Colloquium, 15.11.2005
Set Theory, Infinite Games, and Strong Axioms
Mathematicians reason about the world by proving theorems, that is deriving results of interest through a careful step by step deduction from simple basic principles. My goals in this talk are first to convey through examples an impression of how this is done, and second to give a very informal introduction to my specific area, set theory.
Set theory originated in the late 19th century in work of Georg Cantor on infinite sets. Cantor gave a precise definition of the notion of size, that applies both to finite and infinite sets, and considered the possibility that not all infinite sets are of the same size. I will start the talk with Cantor's definition, several examples of infinite sets, and Cantors famous theorem on the size of the continuum, with its proof. (I am not including the statement of the theorem here so as to maintain suspense.) From this I will pass to the notion of cardinality.
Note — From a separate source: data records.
(* Let $q=4$ and let $k\ge 1$ be an integer. Let $S_{2k}=x+x^{4}+x^{4^2}+\cdots+x^{4^{2k-1}}\in\mathbb{F}_2[x]$. Then the polynomial \[ g(x)=x+S_{2k}(x)^{q^{2k}}+S_{2k}(x)^{q^k+3} \] is a permutation polynomial of $\mathbb{F}_{q^{3k}}=\mathbb{F}_{4^{3k}}$, i.e. the map $x\mapsto g(x)$ is a bijection of $\mathbb{F}_{4^{3k}}$.
   Context: $\mathbb{F}_m$ denotes the finite field with $m$ elements. A polynomial $f\in\mathbb{F}_m[x]$ is a permutation polynomial (PP) of $\mathbb{F}_m$ if the induced map $\mathbb{F}_m\to\mathbb{F}_m$, $x\mapsto f(x)$, is a bijection. *)

theory Defs
  imports Main
begin

definition S :: "nat \<Rightarrow> 'a::comm_ring_1 \<Rightarrow> 'a" where
  "S n x = (\<Sum>i<n. x ^ (4 ^ i))"

end

theory Submission
  imports Defs "HOL-Number_Theory.Residues"
begin

text \<open>Write \<open>Q = 4^k\<close> and \<open>\<sigma> z = z^Q\<close>, an automorphism of order 3 of the field with
  \<open>Q^3\<close> elements, and \<open>y = S\<^sub>2\<^sub>k(x)\<close>. Then \<open>y = A + \<sigma> A\<close> with \<open>A = S\<^sub>k(x)\<close>, so in
  characteristic 2 the trace \<open>y + \<sigma> y + \<sigma>\<^sup>2 y\<close> vanishes, and \<open>y\<^sup>4 + y = x + \<sigma>\<^sup>2 x\<close>. With
  these two relations the value \<open>g(x) = x + \<sigma>\<^sup>2 y + \<sigma> y \<cdot> y\<^sup>3\<close> satisfies
  \<open>g(x) + \<sigma>\<^sup>2 g(x) = y \<cdot> (\<sigma> y)\<^sup>2 \<cdot> \<sigma>\<^sup>2 y\<close>. The right-hand side is an injective function of
  \<open>y\<close>, so \<open>g(x)\<close> determines \<open>y\<close>, and then \<open>x = g(x) - \<sigma>\<^sup>2 y - \<sigma> y \<cdot> y\<^sup>3\<close>.\<close>

lemma CHAR_eq_2_if_card_eq_power_2:
  assumes "card (UNIV :: 'a::{idom,finite} set) = 2 ^ n"
  shows "CHAR('a) = 2"
proof -
  have prime: "prime CHAR('a)"
    by (rule prime_CHAR_semidom) (simp add: finite_imp_CHAR_pos)
  moreover have "CHAR('a) dvd 2 ^ n"
    using CHAR_dvd_CARD[where 'a = 'a] unfolding assms .
  ultimately have "CHAR('a) dvd 2"
    by (rule prime_dvd_power_nat)
  with prime two_is_prime_nat show ?thesis
    by (rule primes_dvd_imp_eq)
qed

lemma power_card_UNIV_eq_self:
  fixes x :: "'a::{field,finite}"
  shows "x ^ card (UNIV :: 'a set) = x"
proof (cases "x = 0")
  case True
  then show ?thesis by (simp add: finite_UNIV_card_ge_0)
next
  case False
  let ?U = "UNIV - {0::'a}"
  have "x ^ card ?U * \<Prod> ?U = 1 * \<Prod> ?U"
  proof -
    have "x ^ card ?U * \<Prod> ?U = (\<Prod>y\<in>?U. x * y)"
      by (simp add: prod.distrib)
    also have "\<dots> = \<Prod> ?U"
      by (rule prod.reindex_bij_witness[of _ "\<lambda>y. y / x" "\<lambda>y. x * y"]) (use False in auto)
    finally show ?thesis by simp
  qed
  then have "x ^ card ?U = 1"
    by (rule mult_right_cancel[THEN iffD1, rotated]) simp
  moreover have "card (UNIV :: 'a set) = Suc (card ?U)"
    by (rule card_Suc_Diff1[symmetric]) simp_all
  ultimately show ?thesis
    by (simp only: power_Suc mult.right_neutral)
qed

lemma power_4_eq_1_imp_eq_1_CHAR_2:
  fixes l :: "'a::field"
  assumes "CHAR('a) = 2" and "l ^ 4 = 1"
  shows "l = 1"
proof -
  have "(l + 1) ^ 4 = l ^ 4 + 1 ^ 4"
    by (rule freshmans_dream'[where n = 2]) (simp_all add: assms)
  also have "\<dots> = 0"
    using assms of_nat_CHAR[where 'a = 'a] by simp
  finally have "l = - 1"
    by (simp add: eq_neg_iff_add_eq_0)
  then show ?thesis
    using uminus_CHAR_2[OF assms(1)] by metis
qed

lemma S_power_4_power:
  fixes x :: "'a::comm_ring_1"
  assumes "CHAR('a) = 2"
  shows "S n x ^ 4 ^ m = S n (x ^ 4 ^ m)"
proof -
  have "S n x ^ 4 ^ m = (\<Sum>i<n. (x ^ 4 ^ i) ^ 4 ^ m)"
    unfolding S_def by (rule freshmans_dream_sum'[where n = "2 * m"]) (simp_all add: assms power_mult)
  also have "\<dots> = S n (x ^ 4 ^ m)"
    unfolding S_def by (simp add: mult.commute flip: power_mult)
  finally show ?thesis .
qed

lemma S_add: "S (m + n) x = S m x + S n (x ^ 4 ^ m)"
  by (induction n) (simp_all add: S_def add.assoc power_mult power_add)

lemma S_power_4_add:
  fixes x :: "'a::comm_ring_1"
  assumes "CHAR('a) = 2"
  shows "S n x ^ 4 + x = S n x + x ^ 4 ^ n"
  using S_add[of 1 n x] S_add[of n 1 x] S_power_4_power[OF assms, of n x 1]
  by (simp add: S_def add.commute)

locale char2_cubic_automorphism =
  fixes \<sigma> :: "'a::field \<Rightarrow> 'a"
  assumes CHAR_2: "CHAR('a) = 2"
    and add: "\<sigma> (a + b) = \<sigma> a + \<sigma> b"
    and mult: "\<sigma> (a * b) = \<sigma> a * \<sigma> b"
    and cube: "\<sigma> (\<sigma> (\<sigma> a)) = a"
begin

lemma two_eq_0: "(2::'a) = 0"
  using of_nat_CHAR[where 'a = 'a] CHAR_2 by simp

lemma zero [simp]: "\<sigma> 0 = 0"
  using add[of 0 0] by (metis add.right_neutral add_left_cancel)

lemma eq_0_iff [simp]: "\<sigma> a = 0 \<longleftrightarrow> a = 0"
  by (metis cube zero)

lemma one [simp]: "\<sigma> 1 = 1"
  using mult[of 1 1] eq_0_iff[of 1] by (metis mult_cancel_left2 mult_1)

lemma power: "\<sigma> (a ^ n) = \<sigma> a ^ n"
  by (induction n) (simp_all add: mult)

definition trace :: "'a \<Rightarrow> 'a" where
  "trace a = a + \<sigma> a + \<sigma> (\<sigma> a)"

definition twisted_norm :: "'a \<Rightarrow> 'a" where
  "twisted_norm a = a * \<sigma> a ^ 2 * \<sigma> (\<sigma> a)"

lemma trace_add_sigma: "trace (a + \<sigma> a) = 0"
proof -
  have "trace (a + \<sigma> a) = 2 * (a + \<sigma> a + \<sigma> (\<sigma> a))"
    by (simp add: trace_def add cube algebra_simps)
  then show ?thesis
    by (simp add: two_eq_0)
qed

lemma twisted_norm_eq_0_iff [simp]: "twisted_norm a = 0 \<longleftrightarrow> a = 0"
  by (simp add: twisted_norm_def)

lemma twisted_norm_mult_fixed:
  assumes "\<sigma> l = l"
  shows "twisted_norm (l * y) = l ^ 4 * twisted_norm y"
  unfolding twisted_norm_def using assms by (simp add: mult power2_eq_square power4_eq_xxxx)

text \<open>Multiplying the equation of norms crosswise with its \<open>\<sigma>\<^sup>2\<close>-image shows that
  \<open>\<sigma> y / y = \<sigma> z / z\<close>, so the ratio \<open>l = z / y\<close> is fixed by \<open>\<sigma>\<close>; then the norms differ
  by the factor \<open>l\<^sup>4\<close>.\<close>

lemma inj_twisted_norm: "inj twisted_norm"
proof (rule injI)
  fix y z
  assume eq: "twisted_norm y = twisted_norm z"
  show "y = z"
  proof (cases "y = 0 \<or> z = 0")
    case True
    then show ?thesis
      using eq twisted_norm_eq_0_iff by metis
  next
    case False
    then have nz: "y \<noteq> 0" "z \<noteq> 0"
      by auto
    have eq2: "\<sigma> (\<sigma> y) * y ^ 2 * \<sigma> y = \<sigma> (\<sigma> z) * z ^ 2 * \<sigma> z"
      using arg_cong[OF eq, of "\<lambda>a. \<sigma> (\<sigma> a)"] by (simp add: twisted_norm_def mult power cube)
    let ?c = "y * z * \<sigma> y * \<sigma> z * \<sigma> (\<sigma> y) * \<sigma> (\<sigma> z)"
    have "?c * (\<sigma> y * z) = twisted_norm y * (\<sigma> (\<sigma> z) * z ^ 2 * \<sigma> z)"
      by (simp add: twisted_norm_def power2_eq_square)
    also have "\<dots> = twisted_norm z * (\<sigma> (\<sigma> y) * y ^ 2 * \<sigma> y)"
      by (simp add: eq eq2)
    also have "\<dots> = ?c * (\<sigma> z * y)"
      by (simp add: twisted_norm_def power2_eq_square)
    finally have cross: "\<sigma> y * z = \<sigma> z * y"
      using nz by simp
    define l where "l = z / y"
    have z: "z = l * y"
      using nz by (simp add: l_def)
    have "\<sigma> l = l"
      using cross nz unfolding z mult by simp
    then have "l ^ 4 = 1"
      using eq nz twisted_norm_mult_fixed[of l y] unfolding z by simp
    then have "l = 1"
      by (rule power_4_eq_1_imp_eq_1_CHAR_2[OF CHAR_2])
    then show ?thesis
      using z by simp
  qed
qed

lemma add_sigma2_eq_twisted_norm:
  assumes trace_0: "trace y = 0" and quartic: "y ^ 4 + x = y + \<sigma> (\<sigma> x)"
  defines "g \<equiv> x + \<sigma> (\<sigma> y) + \<sigma> y * y ^ 3"
  shows "g + \<sigma> (\<sigma> g) = twisted_norm y"
proof -
  have sigma2: "\<sigma> (\<sigma> y) = \<sigma> y + y"
    using trace_0 uminus_CHAR_2[OF CHAR_2] unfolding trace_def by (metis add.commute add_eq_0_iff)
  have sigma2x: "\<sigma> (\<sigma> x) = y ^ 4 + x - y"
    using quartic by (simp add: algebra_simps)
  have "g + \<sigma> (\<sigma> g) = x + \<sigma> (\<sigma> x) + \<sigma> (\<sigma> y) + \<sigma> y + \<sigma> y * y ^ 3 + y * \<sigma> (\<sigma> y) ^ 3"
    by (simp add: g_def add mult power cube)
  also have "\<dots> = twisted_norm y + 2 * (x + \<sigma> y + y ^ 4 + 2 * \<sigma> y * y ^ 3 + \<sigma> y ^ 2 * y ^ 2)"
    unfolding twisted_norm_def sigma2 sigma2x
    by (simp add: algebra_simps power2_eq_square power3_eq_cube power4_eq_xxxx)
  finally show ?thesis
    by (simp add: two_eq_0)
qed

lemma inj_of_trace_eq_0:
  assumes trace_0: "\<And>x. trace (s x) = 0" and quartic: "\<And>x. s x ^ 4 + x = s x + \<sigma> (\<sigma> x)"
  shows "inj (\<lambda>x. x + \<sigma> (\<sigma> (s x)) + \<sigma> (s x) * s x ^ 3)"
proof (rule injI)
  fix x1 x2
  assume eq: "x1 + \<sigma> (\<sigma> (s x1)) + \<sigma> (s x1) * s x1 ^ 3 = x2 + \<sigma> (\<sigma> (s x2)) + \<sigma> (s x2) * s x2 ^ 3"
  have "twisted_norm (s x1) = twisted_norm (s x2)"
    using add_sigma2_eq_twisted_norm[OF trace_0 quartic, of x1] add_sigma2_eq_twisted_norm[OF trace_0 quartic, of x2]
    by (simp only: eq)
  with inj_twisted_norm have "s x1 = s x2"
    by (rule injD)
  then show "x1 = x2"
    using eq by simp
qed

end

lemma char2_cubic_automorphism_power:
  fixes Q :: nat
  assumes "CHAR('a::{field,finite}) = 2" and "Q = 2 ^ e" and "card (UNIV :: 'a set) = Q ^ 3"
  shows "char2_cubic_automorphism (\<lambda>z::'a. z ^ Q)"
proof
  show "(a + b) ^ Q = a ^ Q + b ^ Q" for a b :: 'a
    by (rule freshmans_dream'[where n = e]) (simp_all add: assms(1,2))
  show "((a ^ Q) ^ Q) ^ Q = a" for a :: 'a
    using power_card_UNIV_eq_self[of a] by (simp add: assms(3) power3_eq_cube flip: power_mult)
qed (simp_all add: assms(1) power_mult_distrib)

theorem theorem1p1:
  fixes k :: nat
    and g :: "'a::{field,finite} \<Rightarrow> 'a"
  assumes "k \<ge> 1"
    and "card (UNIV :: 'a set) = 4 ^ (3 * k)"
    and "g = (\<lambda>x. x + (S (2 * k) x) ^ (4 ^ (2 * k)) + (S (2 * k) x) ^ (4 ^ k + 3))"
  shows "bij g"
proof -
  define Q :: nat where "Q = 4 ^ k"
  have char: "CHAR('a) = 2"
    using assms(2) by (intro CHAR_eq_2_if_card_eq_power_2[where n = "6 * k"]) (simp add: power_mult)
  have "card (UNIV :: 'a set) = Q ^ 3"
    unfolding assms(2) Q_def power_mult[symmetric] by (simp add: mult.commute)
  then interpret char2_cubic_automorphism "\<lambda>z::'a. z ^ Q"
    by (intro char2_cubic_automorphism_power[OF char, where e = "2 * k"]) (simp_all add: Q_def power_mult)
  have QQ: "4 ^ (2 * k) = Q * Q"
    by (simp add: Q_def mult_2 power_add)
  have "trace (S (2 * k) x) = 0" for x :: 'a
    using S_add[of k k x] S_power_4_power[OF char, of k x k] trace_add_sigma[of "S k x"]
    by (simp add: mult_2 flip: Q_def)
  moreover have "S (2 * k) x ^ 4 + x = S (2 * k) x + (x ^ Q) ^ Q" for x :: 'a
    using S_power_4_add[OF char, of "2 * k" x] unfolding QQ by (simp add: power_mult)
  ultimately have "inj (\<lambda>x::'a. x + (S (2 * k) x ^ Q) ^ Q + S (2 * k) x ^ Q * S (2 * k) x ^ 3)"
    by (rule inj_of_trace_eq_0)
  also have "(\<lambda>x::'a. x + (S (2 * k) x ^ Q) ^ Q + S (2 * k) x ^ Q * S (2 * k) x ^ 3) = g"
    unfolding assms(3) QQ Q_def[symmetric] by (simp only: power_add power_mult)
  finally show ?thesis
    by (intro bijI finite_UNIV_inj_surj) simp_all
qed

end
Finally, for this part of the talk, I will discuss elementary embeddings of the universe of sets, noting that their action takes place only on sets of extremely large size, called large cardinals, far removed from the natural numbers.
In the second part of the talk I will consider infinite games on natural numbers. In this part too I will present a proof. I will prove that certain infinite games are determined, meaning that one of the players in the game has a strategy that is guaranteed to win against all plays by the opponent. The existence of such strategies is a concrete statement on sets of natural numbers.
Seemingly the large cardinals of the first part of the talk have nothing to do with the concrete statements on the existence of winning strategies in games on natural numbers. But it turns out that in fact the two are intricately connected, and this is the starting point for my own work.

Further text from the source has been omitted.